Whatever the data contains, copy all of it exactly.

§ Input data:
######
lemma zero_in_V_transfer_rel_step:
  assumes n: "2 \<le> n" and r: "1 \<le> r" and b: "1 \<le> b"
    and IH: "\<And>u. length u = n \<Longrightarrow> b \<le> u ! 0 \<Longrightarrow> zero_in_V n r (transfer_rel b u 0 (n - 1))"
    and v: "length v = Suc n" "r + b - 1 \<le> v ! 0"
  shows "zero_in_V (Suc n) r (transfer_rel (r + b - 1) v 0 n)"
proof -
  define N where "N = r + b - 1"
  obtain A B where decomp: "qpoch2 qq (X2 * Y2) (1 - int N) N
      = A * qpoch2 qq X2 (1 - int r) r + B * qpoch2 qq Y2 (1 - int b) b"
    and A: "supp2 A \<subseteq> {(s, t). t \<le> s \<and> s < b}"
    and B: "supp2 B \<subseteq> {(s, t). t + b \<le> s \<and> s < r + b}"
    using qpoch2_X2Y2_decomposition[OF qq_nonzero, of r b "1 - int r" "1 - int b"] r b
    by (auto simp: N_def)
  have "zero_in_V (Suc n) r (poly_comb N v (A * qpoch2 qq X2 (1 - int r) r))"
  proof (rule zero_in_V_poly_comb_mult)
    show "supp2 A \<subseteq> {..N} \<times> {..N}"
      using A by (auto simp: N_def)
    fix i k
    assume "(i, k) \<in> supp2 A"
    then have "k \<le> i" "i + r \<le> N" using A by (auto simp: N_def)
    moreover have "valid_rel (Suc n) r (monom_symbol v i k) 0"
      using v n \<open>i + r \<le> N\<close> by (simp add: valid_rel_def monom_symbol_def nth_list_update N_def)
    ultimately show "zero_in_V (Suc n) r (poly_comb N v (monom2 i k * qpoch2 qq X2 (1 - int r) r))"
      using v n by (simp add: poly_comb_monom2_mult_qpoch2_X2 zero_in_V_rel_vec)
  qed
  moreover have "zero_in_V (Suc n) r (poly_comb N v (B * qpoch2 qq Y2 (1 - int b) b))"
  proof (rule zero_in_V_poly_comb_mult)
    show "supp2 B \<subseteq> {..N} \<times> {..N}"
      using B by (auto simp: N_def)
    fix i k
    assume "(i, k) \<in> supp2 B"
    then have ik: "k + b \<le> i" "i \<le> N" using B by (auto simp: N_def)
    obtain x u where xu: "monom_symbol v i k = x # u"
      using v by (cases "monom_symbol v i k") (auto simp: monom_symbol_def)
    have "length (monom_symbol v i k) = Suc n" "monom_symbol v i k ! 1 = v ! 1 + i - k"
      using v n by (simp_all add: monom_symbol_def nth_list_update)
    then have "length u = n" "b \<le> u ! 0"
      using xu ik by auto
    then have "zero_in_V (Suc n) r (cons_vec x (transfer_rel b u 0 (n - 1)))"
      by (intro zero_in_V_cons_vec IH)
    then show "zero_in_V (Suc n) r (poly_comb N v (monom2 i k * qpoch2 qq Y2 (1 - int b) b))"
      using v n ik xu by (simp add: poly_comb_monom2_mult_qpoch2_Y2 transfer_rel_Cons[symmetric])
  qed
  ultimately have "zero_in_V (Suc n) r (poly_comb N v (qpoch2 qq (X2 * Y2) (1 - int N) N))"
    unfolding decomp poly_comb_add by (rule zero_in_V_add)
  with v n show ?thesis by (simp add: poly_comb_qpoch2_X2Y2 N_def)
qed

theorem zero_in_V_transfer_rel_first_last:
  assumes "2 \<le> n" and "2 \<le> r" and "length v = n" and "(n - 1) * (r - 1) + 1 \<le> v ! 0"
  shows "zero_in_V n r (transfer_rel ((n - 1) * (r - 1) + 1) v 0 (n - 1))"
  using assms(1,3,4)
proof (induction n arbitrary: v rule: nat_induct_at_least)
  case base
  with assms(2) have "valid_rel 2 r v 0" by (simp add: valid_rel_def)
  with assms(2) show ?case
    using zero_in_V_rel_vec by (simp add: rel_vec_eq_transfer_rel)
next
  case (Suc m)
  obtain m' r' where "m = Suc m'" and "r = Suc r'"
    using Suc.hyps assms(2) not0_implies_Suc by fastforce
  then have "(Suc m - 1) * (r - 1) + 1 = r + ((m - 1) * (r - 1) + 1) - 1" by simp
  with Suc assms(2) show ?case
    by (simp only: diff_Suc_1) (rule zero_in_V_transfer_rel_step; simp)
qed

lemma transfer_rel_first_last_replicate:
  assumes "2 \<le> n"
  shows "transfer_rel L (x # replicate (n - 1) 0) 0 (n - 1) b
    = (\<Sum>j\<le>L. (- 1) ^ j * qbinom (int L) j * (if b = [x - j] @ replicate (n - 2) 0 @ [j] then 1 else 0))"
proof -
  obtain n' where n': "n = Suc (Suc n')"
    using assms by (metis add_2_eq_Suc le_Suc_ex)
  have "replicate (Suc n') (0::nat) = replicate n' 0 @ [0]"
    by (simp add: replicate_append_same)
  then show ?thesis
    by (simp add: transfer_rel_def n' list_update_append nth_append)
qed

lemma sum_alternating_qbinom_reflect:
  "(\<Sum>k\<le>L. (- 1) ^ k * qbinom (int L) k * f k (L - k))
     = (- 1) ^ L * (\<Sum>j\<le>L. (- 1) ^ j * qbinom (int L) j * f (L - j) j)"
proof -
  have "(\<Sum>k\<le>L. (- 1) ^ k * qbinom (int L) k * f k (L - k))
      = (\<Sum>j\<le>L. (- 1) ^ (L - j) * qbinom (int L) (L - j) * f (L - j) (L - (L - j)))"
    using sum.atLeastAtMost_rev[of "\<lambda>k. (- 1) ^ k * qbinom (int L) k * f k (L - k)" 0 L]
    by (simp add: atLeast0AtMost)
  also have "\<dots> = (\<Sum>j\<le>L. (- 1) ^ L * ((- 1) ^ j * qbinom (int L) j * f (L - j) j))"
  proof (intro sum.cong refl)
    fix j
    assume "j \<in> {..L}"
    then have "(- 1 :: qfield) ^ L = (- 1) ^ (L - j) * (- 1) ^ j"
      by (simp add: power_add[symmetric])
    then have "(- 1 :: qfield) ^ (L - j) = (- 1) ^ L * (- 1) ^ j"
      by (simp add: mult.assoc power_mult_distrib[symmetric])
    with \<open>j \<in> {..L}\<close> show "(- 1) ^ (L - j) * qbinom (int L) (L - j) * f (L - j) (L - (L - j))
        = (- 1) ^ L * ((- 1) ^ j * qbinom (int L) j * f (L - j) j)"
      by (simp add: qbinom_symmetric)
  qed
  finally show ?thesis by (simp add: sum_distrib_left)
qed

theorem proposition5p11:
  fixes n r L :: nat
  assumes "n \<ge> 2" and "r \<ge> 2" and "L = (n - 1) * (r - 1) + 1"
  shows "zero_in_V n r (\<lambda>b. \<Sum>k\<le>L. (-1) ^ k * qbinom (int L) k *
            (if b = [k] @ replicate (n - 2) 0 @ [L - k] then 1 else 0))"
proof -
  define v where "v = L # replicate (n - 1) 0"
  have "zero_in_V n r (transfer_rel L v 0 (n - 1))"
    using zero_in_V_transfer_rel_first_last[of n r v] assms by (simp add: v_def)
  then have "zero_in_V n r (\<lambda>b. (- 1) ^ L * transfer_rel L v 0 (n - 1) b)"
    by (rule zero_in_V_scale)
  moreover have "(- 1) ^ L * transfer_rel L v 0 (n - 1) b
      = (\<Sum>k\<le>L. (-1) ^ k * qbinom (int L) k * (if b = [k] @ replicate (n - 2) 0 @ [L - k] then 1 else 0))" for b
    unfolding v_def transfer_rel_first_last_replicate[OF assms(1)]
    by (rule sum_alternating_qbinom_reflect[where f = "\<lambda>x y. if b = [x] @ replicate (n - 2) 0 @ [y] then 1 else 0", symmetric])
  ultimately show ?thesis by simp
qed

end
######
§ Solution for this exercise:
lemma zero_in_V_transfer_rel_step:
  assumes n: "2 \<le> n" and r: "1 \<le> r" and b: "1 \<le> b"
    and IH: "\<And>u. length u = n \<Longrightarrow> b \<le> u ! 0 \<Longrightarrow> zero_in_V n r (transfer_rel b u 0 (n - 1))"
    and v: "length v = Suc n" "r + b - 1 \<le> v ! 0"
  shows "zero_in_V (Suc n) r (transfer_rel (r + b - 1) v 0 n)"
proof -
  define N where "N = r + b - 1"
  obtain A B where decomp: "qpoch2 qq (X2 * Y2) (1 - int N) N
      = A * qpoch2 qq X2 (1 - int r) r + B * qpoch2 qq Y2 (1 - int b) b"
    and A: "supp2 A \<subseteq> {(s, t). t \<le> s \<and> s < b}"
    and B: "supp2 B \<subseteq> {(s, t). t + b \<le> s \<and> s < r + b}"
    using qpoch2_X2Y2_decomposition[OF qq_nonzero, of r b "1 - int r" "1 - int b"] r b
    by (auto simp: N_def)
  have "zero_in_V (Suc n) r (poly_comb N v (A * qpoch2 qq X2 (1 - int r) r))"
  proof (rule zero_in_V_poly_comb_mult)
    show "supp2 A \<subseteq> {..N} \<times> {..N}"
      using A by (auto simp: N_def)
    fix i k
    assume "(i, k) \<in> supp2 A"
    then have "k \<le> i" "i + r \<le> N" using A by (auto simp: N_def)
    moreover have "valid_rel (Suc n) r (monom_symbol v i k) 0"
      using v n \<open>i + r \<le> N\<close> by (simp add: valid_rel_def monom_symbol_def nth_list_update N_def)
    ultimately show "zero_in_V (Suc n) r (poly_comb N v (monom2 i k * qpoch2 qq X2 (1 - int r) r))"
      using v n by (simp add: poly_comb_monom2_mult_qpoch2_X2 zero_in_V_rel_vec)
  qed
  moreover have "zero_in_V (Suc n) r (poly_comb N v (B * qpoch2 qq Y2 (1 - int b) b))"
  proof (rule zero_in_V_poly_comb_mult)
    show "supp2 B \<subseteq> {..N} \<times> {..N}"
      using B by (auto simp: N_def)
    fix i k
    assume "(i, k) \<in> supp2 B"
    then have ik: "k + b \<le> i" "i \<le> N" using B by (auto simp: N_def)
    obtain x u where xu: "monom_symbol v i k = x # u"
      using v by (cases "monom_symbol v i k") (auto simp: monom_symbol_def)
    have "length (monom_symbol v i k) = Suc n" "monom_symbol v i k ! 1 = v ! 1 + i - k"
      using v n by (simp_all add: monom_symbol_def nth_list_update)
    then have "length u = n" "b \<le> u ! 0"
      using xu ik by auto
    then have "zero_in_V (Suc n) r (cons_vec x (transfer_rel b u 0 (n - 1)))"
      by (intro zero_in_V_cons_vec IH)
    then show "zero_in_V (Suc n) r (poly_comb N v (monom2 i k * qpoch2 qq Y2 (1 - int b) b))"
      using v n ik xu by (simp add: poly_comb_monom2_mult_qpoch2_Y2 transfer_rel_Cons[symmetric])
  qed
  ultimately have "zero_in_V (Suc n) r (poly_comb N v (qpoch2 qq (X2 * Y2) (1 - int N) N))"
    unfolding decomp poly_comb_add by (rule zero_in_V_add)
  with v n show ?thesis by (simp add: poly_comb_qpoch2_X2Y2 N_def)
qed

theorem zero_in_V_transfer_rel_first_last:
  assumes "2 \<le> n" and "2 \<le> r" and "length v = n" and "(n - 1) * (r - 1) + 1 \<le> v ! 0"
  shows "zero_in_V n r (transfer_rel ((n - 1) * (r - 1) + 1) v 0 (n - 1))"
  using assms(1,3,4)
proof (induction n arbitrary: v rule: nat_induct_at_least)
  case base
  with assms(2) have "valid_rel 2 r v 0" by (simp add: valid_rel_def)
  with assms(2) show ?case
    using zero_in_V_rel_vec by (simp add: rel_vec_eq_transfer_rel)
next
  case (Suc m)
  obtain m' r' where "m = Suc m'" and "r = Suc r'"
    using Suc.hyps assms(2) not0_implies_Suc by fastforce
  then have "(Suc m - 1) * (r - 1) + 1 = r + ((m - 1) * (r - 1) + 1) - 1" by simp
  with Suc assms(2) show ?case
    by (simp only: diff_Suc_1) (rule zero_in_V_transfer_rel_step; simp)
qed

lemma transfer_rel_first_last_replicate:
  assumes "2 \<le> n"
  shows "transfer_rel L (x # replicate (n - 1) 0) 0 (n - 1) b
    = (\<Sum>j\<le>L. (- 1) ^ j * qbinom (int L) j * (if b = [x - j] @ replicate (n - 2) 0 @ [j] then 1 else 0))"
proof -
  obtain n' where n': "n = Suc (Suc n')"
    using assms by (metis add_2_eq_Suc le_Suc_ex)
  have "replicate (Suc n') (0::nat) = replicate n' 0 @ [0]"
    by (simp add: replicate_append_same)
  then show ?thesis
    by (simp add: transfer_rel_def n' list_update_append nth_append)
qed

lemma sum_alternating_qbinom_reflect:
  "(\<Sum>k\<le>L. (- 1) ^ k * qbinom (int L) k * f k (L - k))
     = (- 1) ^ L * (\<Sum>j\<le>L. (- 1) ^ j * qbinom (int L) j * f (L - j) j)"
proof -
  have "(\<Sum>k\<le>L. (- 1) ^ k * qbinom (int L) k * f k (L - k))
      = (\<Sum>j\<le>L. (- 1) ^ (L - j) * qbinom (int L) (L - j) * f (L - j) (L - (L - j)))"
    using sum.atLeastAtMost_rev[of "\<lambda>k. (- 1) ^ k * qbinom (int L) k * f k (L - k)" 0 L]
    by (simp add: atLeast0AtMost)
  also have "\<dots> = (\<Sum>j\<le>L. (- 1) ^ L * ((- 1) ^ j * qbinom (int L) j * f (L - j) j))"
  proof (intro sum.cong refl)
    fix j
    assume "j \<in> {..L}"
    then have "(- 1 :: qfield) ^ L = (- 1) ^ (L - j) * (- 1) ^ j"
      by (simp add: power_add[symmetric])
    then have "(- 1 :: qfield) ^ (L - j) = (- 1) ^ L * (- 1) ^ j"
      by (simp add: mult.assoc power_mult_distrib[symmetric])
    with \<open>j \<in> {..L}\<close> show "(- 1) ^ (L - j) * qbinom (int L) (L - j) * f (L - j) (L - (L - j))
        = (- 1) ^ L * ((- 1) ^ j * qbinom (int L) j * f (L - j) j)"
      by (simp add: qbinom_symmetric)
  qed
  finally show ?thesis by (simp add: sum_distrib_left)
qed

theorem proposition5p11:
  fixes n r L :: nat
  assumes "n \<ge> 2" and "r \<ge> 2" and "L = (n - 1) * (r - 1) + 1"
  shows "zero_in_V n r (\<lambda>b. \<Sum>k\<le>L. (-1) ^ k * qbinom (int L) k *
            (if b = [k] @ replicate (n - 2) 0 @ [L - k] then 1 else 0))"
proof -
  define v where "v = L # replicate (n - 1) 0"
  have "zero_in_V n r (transfer_rel L v 0 (n - 1))"
    using zero_in_V_transfer_rel_first_last[of n r v] assms by (simp add: v_def)
  then have "zero_in_V n r (\<lambda>b. (- 1) ^ L * transfer_rel L v 0 (n - 1) b)"
    by (rule zero_in_V_scale)
  moreover have "(- 1) ^ L * transfer_rel L v 0 (n - 1) b
      = (\<Sum>k\<le>L. (-1) ^ k * qbinom (int L) k * (if b = [k] @ replicate (n - 2) 0 @ [L - k] then 1 else 0))" for b
    unfolding v_def transfer_rel_first_last_replicate[OF assms(1)]
    by (rule sum_alternating_qbinom_reflect[where f = "\<lambda>x y. if b = [x] @ replicate (n - 2) 0 @ [y] then 1 else 0", symmetric])
  ultimately show ?thesis by simp
qed

end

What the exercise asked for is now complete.